This is an exciting time for do-it-yourselfers.

Last October, Spectrum ran a feature article about Arduino. Here’s what we said.

Arduino is a low-cost microcontroller board that lets even a novice do really amazing things. You can connect an Arduino to all kinds of sensors, lights, motors, and other devices and use easy-to-learn software to program how your creation will behave. You can build an interactive display or a mobile robot and then share your design with the world....

Arduino has spawned an international do-it-yourself revolution in electronics. You can buy an Arduino board for just about US $30 or build your own from scratch: All hardware schematics and source code are available for free under public licenses. As a result, Arduino has become the most influential open-source hardware movement of its time.


Lightning is about to strike twice in the open-source hardware movement, with the release of Raspberry Pi. For $25, you can get the guts of an entire computer—a single board with a microprocessor, Wi-Fi, [Wi-Fi can be added through the USB port] and inputs for video, USB, and an SD card. Interest has been intense—the initial launch on February 29th briefly crashed the Raspberry Pi website, and people have been signing up as quickly as once every 6 seconds.

My guest today is the founder of Raspberry Pi, Eben Upton. He’s a chip architect at Broadcom, which also makes the chip that’s at the heart of the board. He joins us by phone from Cambridge, England.

Eben, welcome to the podcast.

Eben Upton: Hi there.

Steven Cherry: So, tell us about the Raspberry Pi and why does the world need it when we already have Arduino?

Eben Upton: OK. So the Raspberry Pi is this little credit-card-size computer; it’s designed for, as you say, low cost and a reasonable amount of performance, and it’s really just a Linux PC. So it’s a Linux PC with an ARM processor instead of the x86 processor that you’d find inside most Linux desktops. We think the reason the world needs this is primarily as a platform for children to learn to program on. We’ve experienced a steady decline in both the number and the range of skills of children programming computers, particularly people applying to study computer science and higher education. And this is really intended to fill that gap—you know, provide a platform, just as I in the 1980s had an 8-bit microcomputer. It’s designed to fill that gap.

Steven Cherry: Yeah. So, I gather from your own work teaching young computer science students, you’ve discovered that in many cases all they can do is program Web pages.

Eben Upton: Absolutely. So, I think we’ve had a reduction from, say, if you think about 1995, which was when I went to college, you could typically rely on an undergraduate having done a substantial amount of real programming, often quite a deep level of technical work on one or more platforms. Many of us could program in one or more assembly languages.
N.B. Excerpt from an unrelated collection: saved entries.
lemma recourse_bound_on_P:
  assumes X: "X \<subseteq> Xsub Vp" and P: "inP Vp N p w b C d X x \<theta>"
  shows "Lstar Vp N p w b C d H * W_OF Vp x H \<le> (\<Sum>v\<in>VH H. \<theta> v)"
proof -
  obtain y where x: "x \<in> Xsub Vp" and y: "in_box Vp N b y"
    and cut: "\<forall>\<xi>\<in>{1..N}. \<forall>S\<in>nesubs Vp.
      real_of_int (kk C d \<xi> S) + sum x (EE Vp S) - real (card S) \<le> sum (y \<xi>) S"
    and \<theta>: "\<forall>v\<in>Vp. 0 \<le> \<theta> v \<and> (\<Sum>\<xi>\<in>{1..N}. p \<xi> * w v * y \<xi> v) \<le> \<theta> v"
    using P X unfolding inP_def by blast
  define \<sigma> where "\<sigma> = route_slack Vp x H"
  have W: "W_OF Vp x H = 1 - \<sigma>" unfolding \<sigma>_def by (rule W_OF_eq)
  show ?thesis
  proof (cases "\<sigma> < 1")
    case False
    then have "Lstar Vp N p w b C d H * W_OF Vp x H \<le> 0"
      unfolding W using Lstar_nonneg by (simp add: mult_nonneg_nonpos)
    also have "0 \<le> (\<Sum>v\<in>VH H. \<theta> v)" using \<theta> VH_subset[OF H] by (auto intro!: sum_nonneg)
    finally show ?thesis .
  next
    case True
    have "(1 - \<sigma>) * Lstar_xi Vp w b C d \<xi> H \<le> (\<Sum>v\<in>VH H. w v * y \<xi> v)" if \<xi>: "\<xi> \<in> {1..N}" for \<xi>
      using scenario_recourse_bound[OF x \<xi>] True cut y \<xi> unfolding \<sigma>_def in_box_def by auto
    then have "p \<xi> * ((1 - \<sigma>) * Lstar_xi Vp w b C d \<xi> H) \<le> p \<xi> * (\<Sum>v\<in>VH H. w v * y \<xi> v)"
      if "\<xi> \<in> {1..N}" for \<xi>
      using that p_nonneg by (simp add: mult_left_mono)
    then have "Lstar Vp N p w b C d H * W_OF Vp x H
        \<le> (\<Sum>\<xi>\<in>{1..N}. p \<xi> * (\<Sum>v\<in>VH H. w v * y \<xi> v))"
      unfolding Lstar_def W sum_distrib_right by (intro sum_mono) (simp add: algebra_simps)
    also have "\<dots> = (\<Sum>v\<in>VH H. \<Sum>\<xi>\<in>{1..N}. p \<xi> * w v * y \<xi> v)"
      unfolding sum_distrib_left mult.assoc by (rule sum.swap)
    also have "\<dots> \<le> (\<Sum>v\<in>VH H. \<theta> v)"
      using \<theta> VH_subset[OF H] by (intro sum_mono) auto
    finally show ?thesis .
  qed
qed

lemma scenario_dual_exists:
  assumes \<xi>: "\<xi> \<in> {1..N}"
  shows "\<exists>\<pi> \<mu>. covering_dual (seg_index H) (VH H) Vseg (demand \<xi>) w (\<lambda>v. real (b v))
    (Lstar_xi Vp w b C d \<xi> H) \<pi> \<mu>"
proof (rule covering_lp_duality[OF finite_seg_index finite_VH])
  fix u z assume u: "0 \<le> u" "u < 1" and z: "\<forall>v\<in>VH H. 0 \<le> z v \<and> z v \<le> real (b v)"
    and cover: "\<forall>ij\<in>seg_index H. demand \<xi> ij - u \<le> sum z (Vseg ij)"
  define z' where "z' v = (if v \<in> VH H then z v else 0)" for v
  have "sum z' (Vseg ij) = sum z (Vseg ij)" if "ij \<in> seg_index H" for ij
    using Vseg_subset_VH[OF that] unfolding z'_def by (intro sum.cong) auto
  then have "(1 - u) * Lstar_xi Vp w b C d \<xi> H \<le> (\<Sum>v\<in>VH H. w v * z' v)"
    using cover z by (intro Lstar_xi_relaxed_le[OF fin H w_nonneg u])
      (auto simp: z'_def demand_def seg_index_def)
  then show "(1 - u) * Lstar_xi Vp w b C d \<xi> H \<le> (\<Sum>v\<in>VH H. w v * z v)"
    unfolding z'_def by simp
qed (use Vseg_subset_VH w_nonneg VH_subset[OF H] scenario_Lstar_xi_nonneg[OF \<xi>] in auto)

end

locale partial_route_duals = partial_route_instance +
  fixes \<pi> :: "nat \<Rightarrow> nat \<times> nat \<Rightarrow> real" and \<mu> :: "nat \<Rightarrow> nat \<Rightarrow> real"
  assumes duals: "\<And>\<xi>. \<xi> \<in> {1..N} \<Longrightarrow> covering_dual (seg_index H) (VH H) Vseg (demand \<xi>) w
    (\<lambda>v. real (b v)) (Lstar_xi Vp w b C d \<xi> H) (\<pi> \<xi>) (\<mu> \<xi>)"
begin

definition alpha :: "nat \<Rightarrow> nat set \<Rightarrow> real" where
  "alpha \<xi> S = (if \<xi> \<in> {1..N} then p \<xi> * (\<Sum>ij\<in>{ij \<in> seg_index H. Vseg ij = S}. \<pi> \<xi> ij) else 0)"

definition beta :: "nat \<Rightarrow> nat \<Rightarrow> real" where
  "beta \<xi> v = (if \<xi> \<in> {1..N} \<and> v \<in> VH H then - (p \<xi> * \<mu> \<xi> v) else 0)"

lemma sum_alpha:
  assumes "\<xi> \<in> {1..N}"
  shows "(\<Sum>S\<in>nesubs Vp. alpha \<xi> S * g S) = p \<xi> * (\<Sum>ij\<in>seg_index H. \<pi> \<xi> ij * g (Vseg ij))"
proof -
  have "(\<Sum>ij\<in>{ij \<in> seg_index H. Vseg ij = S}. \<pi> \<xi> ij) * g S
      = (\<Sum>ij\<in>{ij \<in> seg_index H. Vseg ij = S}. \<pi> \<xi> ij * g (Vseg ij))" for S
    unfolding sum_distrib_right by (rule sum.cong) auto
  then have "alpha \<xi> S * g S
      = p \<xi> * (\<Sum>ij\<in>{ij \<in> seg_index H. Vseg ij = S}. \<pi> \<xi> ij * g (Vseg ij))" for S
    unfolding alpha_def using assms by (simp add: mult.assoc)
  then have "(\<Sum>S\<in>nesubs Vp. alpha \<xi> S * g S)
      = p \<xi> * (\<Sum>S\<in>nesubs Vp. \<Sum>ij\<in>{ij \<in> seg_index H. Vseg ij = S}. \<pi> \<xi> ij * g (Vseg ij))"
    by (simp only: sum_distrib_left)
  also have "(\<Sum>S\<in>nesubs Vp. \<Sum>ij\<in>{ij \<in> seg_index H. Vseg ij = S}. \<pi> \<xi> ij * g (Vseg ij))
      = (\<Sum>ij\<in>seg_index H. \<pi> \<xi> ij * g (Vseg ij))"
    using fin Vseg_in_nesubs by (intro sum.group finite_seg_index) (auto simp: nesubs_def)
  finally show ?thesis .
qed

lemma colsum_alpha_beta:
  assumes "\<xi> \<in> {1..N}"
  shows "colsum Vp alpha beta \<xi> v
    = p \<xi> * ((\<Sum>ij\<in>{ij \<in> seg_index H. v \<in> Vseg ij}. \<pi> \<xi> ij) - (if v \<in> VH H then \<mu> \<xi> v else 0))"
proof -
  have "finite (nesubs Vp)" using fin unfolding nesubs_def by simp
  then have "(\<Sum>S\<in>{S \<in> nesubs Vp. v \<in> S}. alpha \<xi> S)
      = (\<Sum>S\<in>nesubs Vp. alpha \<xi> S * (if v \<in> S then 1 else 0))"
    by (simp add: sum.inter_filter[symmetric] if_distrib[of "\<lambda>a. _ * a"] cong: if_cong)
  also have "\<dots> = p \<xi> * (\<Sum>ij\<in>seg_index H. \<pi> \<xi> ij * (if v \<in> Vseg ij then 1 else 0))"
    by (rule sum_alpha[OF assms])
  also have "(\<Sum>ij\<in>seg_index H. \<pi> \<xi> ij * (if v \<in> Vseg ij then 1 else 0))
      = (\<Sum>ij\<in>{ij \<in> seg_index H. v \<in> Vseg ij}. \<pi> \<xi> ij)"
    by (simp add: sum.inter_filter[OF finite_seg_index, symmetric] if_distrib[of "\<lambda>a. _ * a"]
        cong: if_cong)
  finally show ?thesis unfolding colsum_def beta_def using assms by (simp add: algebra_simps)
qed

lemma colsum_alpha_beta_le:
  assumes \<xi>: "\<xi> \<in> {1..N}"
  shows "colsum Vp alpha beta \<xi> v \<le> p \<xi> * (if v \<in> VH H then w v else 0)"
proof (cases "v \<in> VH H")
  case True
  then show ?thesis
    using duals[OF \<xi>] p_nonneg \<xi> unfolding colsum_alpha_beta[OF \<xi>] covering_dual_def
    by (simp add: mult_left_mono)
next
  case False
  then have "{ij \<in> seg_index H. v \<in> Vseg ij} = {}" using Vseg_subset_VH by blast
  then show ?thesis using False by (simp only: colsum_alpha_beta[OF \<xi>] sum.empty if_False) simp
qed

lemma inA_alpha_beta: "inA Vp N w alpha beta"
  unfolding inA_def
proof (intro conjI ballI impI)
  fix \<xi> S assume \<xi>: "\<xi> \<in> {1..N}"
  then have "0 \<le> (\<Sum>ij\<in>{ij \<in> seg_index H. Vseg ij = S}. \<pi> \<xi> ij)"
    using duals[OF \<xi>] unfolding covering_dual_def by (intro sum_nonneg) auto
  then show "0 \<le> alpha \<xi> S" using \<xi> p_nonneg unfolding alpha_def by simp
next
  fix \<xi> v assume "\<xi> \<in> {1..N}"
  then show "beta \<xi> v \<le> 0"
    using duals p_nonneg unfolding beta_def covering_dual_def by auto
next
  fix \<xi> v assume "\<xi> \<in> {1..N}" "w v = 0"
  then show "colsum Vp alpha beta \<xi> v \<le> 0"
    using colsum_alpha_beta_le[of \<xi> v] by (cases "v \<in> VH H") simp_all
qed

lemma phi_alpha_beta_le:
  assumes N: "{1..N} \<noteq> {}" and w: "w v > 0"
  shows "phi Vp N p w alpha beta v \<le> (if v \<in> VH H then 1 else 0)"
proof -
  have "colsum Vp alpha beta \<xi> v / (p \<xi> * w v) \<le> (if v \<in> VH H then 1 else 0)"
    if \<xi>: "\<xi> \<in> {1..N}" for \<xi>
  proof (cases "p \<xi> = 0")
    case False
    then have "p \<xi> * w v > 0" using p_nonneg \<xi> w by (simp add: order_le_neq_trans)
    then show ?thesis
      using colsum_alpha_beta_le[OF \<xi>, of v] by (simp add: divide_le_eq split: if_splits)
  qed simp
  then show ?thesis unfolding phi_def using N by (simp add: Max_le_iff)
qed

lemma sum_beta: "\<xi> \<in> {1..N} \<Longrightarrow>
    (\<Sum>v\<in>Vp. beta \<xi> v * real (b v)) = - p \<xi> * (\<Sum>v\<in>VH H. real (b v) * \<mu> \<xi> v)"
proof -
  assume \<xi>: "\<xi> \<in> {1..N}"
  have "(\<Sum>v\<in>Vp. beta \<xi> v * real (b v))
      = (\<Sum>v\<in>Vp. if v \<in> VH H then - p \<xi> * (real (b v) * \<mu> \<xi> v) else 0)"
    using \<xi> unfolding beta_def by (intro sum.cong) auto
  also have "\<dots> = (\<Sum>v\<in>VH H. - p \<xi> * (real (b v) * \<mu> \<xi> v))"
    unfolding sum.inter_restrict[OF fin, symmetric] Int_absorb1[OF VH_subset[OF H]] ..
  finally show ?thesis by (simp add: sum_distrib_left)
qed

text \<open>The dual constraint \<open>\<Sum> \<pi> \<le> L\<^sup>*\<^sub>\<xi>\<close> is what lets the deficit \<open>route_slack\<close> of each cut
  be charged against the factor \<open>W\<^sub>O\<^sub>F = 1 - route_slack\<close>.\<close>
lemma Lstar_W_OF_le_cut:
  assumes x: "x \<in> Xsub Vp"
  shows "Lstar Vp N p w b C d H * W_OF Vp x H
    \<le> (\<Sum>\<xi>\<in>{1..N}. \<Sum>S\<in>nesubs Vp. alpha \<xi> S * sum x (EE Vp S)) + nu Vp N b C d alpha beta"
proof -
  define \<sigma> where "\<sigma> = route_slack Vp x H"
  have \<sigma>: "0 \<le> \<sigma>" unfolding \<sigma>_def by (rule route_slack_nonneg[OF fin x H])
  define cut where "cut \<xi> S = sum x (EE Vp S) + (real_of_int (kk C d \<xi> S) - real (card S))" for \<xi> S
  have "p \<xi> * ((1 - \<sigma>) * Lstar_xi Vp w b C d \<xi> H)
      \<le> (\<Sum>S\<in>nesubs Vp. alpha \<xi> S * cut \<xi> S) + (\<Sum>v\<in>Vp. beta \<xi> v * real (b v))"
    if \<xi>: "\<xi> \<in> {1..N}" for \<xi>
  proof -
    let ?L = "Lstar_xi Vp w b C d \<xi> H" and ?B = "\<Sum>v\<in>VH H. real (b v) * \<mu> \<xi> v"
    have dual: "\<forall>ij\<in>seg_index H. 0 \<le> \<pi> \<xi> ij"
      "?L \<le> (\<Sum>ij\<in>seg_index H. demand \<xi> ij * \<pi> \<xi> ij) - ?B" "sum (\<pi> \<xi>) (seg_index H) \<le> ?L"
      using duals[OF \<xi>] unfolding covering_dual_def by auto
    have "(1 - \<sigma>) * ?L \<le> (\<Sum>ij\<in>seg_index H. \<pi> \<xi> ij * (demand \<xi> ij - \<sigma>)) - ?B"
      using dual(2) mult_left_mono[OF dual(3) \<sigma>]
      by (simp add: algebra_simps sum_subtractf sum_distrib_left)
    also have "\<dots> \<le> (\<Sum>ij\<in>seg_index H. \<pi> \<xi> ij * cut \<xi> (Vseg ij)) - ?B"
      using dual(1) demand_le_cut[OF x, of _ \<xi>] unfolding cut_def \<sigma>_def
      by (intro diff_right_mono sum_mono mult_left_mono) (auto simp: algebra_simps)
    finally have "p \<xi> * ((1 - \<sigma>) * ?L) \<le> p \<xi> * ((\<Sum>ij\<in>seg_index H. \<pi> \<xi> ij * cut \<xi> (Vseg ij)) - ?B)"
      using p_nonneg \<xi> by (simp add: mult_left_mono)
    then show ?thesis unfolding sum_alpha[OF \<xi>] sum_beta[OF \<xi>] by (simp add: algebra_simps)
  qed
  then have "(\<Sum>\<xi>\<in>{1..N}. p \<xi> * ((1 - \<sigma>) * Lstar_xi Vp w b C d \<xi> H))
      \<le> (\<Sum>\<xi>\<in>{1..N}. (\<Sum>S\<in>nesubs Vp. alpha \<xi> S * cut \<xi> S) + (\<Sum>v\<in>Vp. beta \<xi> v * real (b v)))"
    by (rule sum_mono)
  moreover have "Lstar Vp N p w b C d H * W_OF Vp x H
      = (\<Sum>\<xi>\<in>{1..N}. p \<xi> * ((1 - \<sigma>) * Lstar_xi Vp w b C d \<xi> H))"
    unfolding Lstar_def W_OF_eq \<sigma>_def[symmetric] sum_distrib_right by (rule sum.cong) simp_all
  moreover have "(\<Sum>\<xi>\<in>{1..N}. \<Sum>S\<in>nesubs Vp. alpha \<xi> S * sum x (EE Vp S)) + nu Vp N b C d alpha beta
      = (\<Sum>\<xi>\<in>{1..N}. (\<Sum>S\<in>nesubs Vp. alpha \<xi> S * cut \<xi> S) + (\<Sum>v\<in>Vp. beta \<xi> v * real (b v)))"
    unfolding nu_def cut_def by (simp add: sum.distrib distrib_left)
  ultimately show ?thesis by simp
qed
And yeah, within 10 years of that point, we were getting to a point where your average applicant was maybe somebody who’d done, as you say, a little bit of Web design, maybe a little bit of Web programming—you know, we saw quite a bit of people who‘d maybe done some PHP but not that kind of deep technical understanding of how machines work.

Steven Cherry: Let’s talk about what you get for 25 bucks, which strikes me as insane: This ARM11 processor is apparently fast enough to play a Blu-ray–quality movie?

Eben Upton: So, what we have is an SoC [system-on-a-chip], a Broadcom SoC, which contains a number of hardware accelerators. So things like decoding high-definition video or doing very high performance 3-D graphics, we actually have dedicated hardware accelerator blocks to help the ARM do that. So the ARM is really is mostly running control-side code.

Steven Cherry: It has an RCA port and HDMI?

Eben Upton: Yeah. So we thought it was important to be able to drive older televisions. You know, one of our visions for this is that it will end up in the bedrooms of children just like, say, my BBC microcomputer did when I was a child. And there we felt although there are going to be a lot of people like me who aren’t particularly price sensitive and have modern flat-panel televisions or monitors, so we need to have an HDMI connection to support them. So we are expecting maybe a lot of younger users to have scrounged up a television from somewhere, an old standard-definition television, so the RCA jack and the analog audio output are important for supporting those people.

Steven Cherry: Eben, I know you can’t disclose the bill of materials, but I gather it’s fairly close to the actual selling price. And I’m told you wanted to do the manufacturing in the U.K., but that didn’t work out, and you ended up in China and Taiwan.

Eben Upton: Yeah, indeed. I mean, this is mostly a supply chain issue. This is a board which largely can be assembled robotically, so there isn’t actually that much of a labor cost issue, but if you look at the global supply chain, you know all of your precursor components are in the Far East, and therefore it’s extremely hard to justify, particularly if you’re then going to re-export the device to, say, some of the BRIC countries [Brazil, Russia, India, and China] or if you’re going to re-export the device to India or to China, it’s very hard to justify bringing those components over to the United Kingdom or over to the United States, doing the assembly here, and then shipping the finished goods to their final destination.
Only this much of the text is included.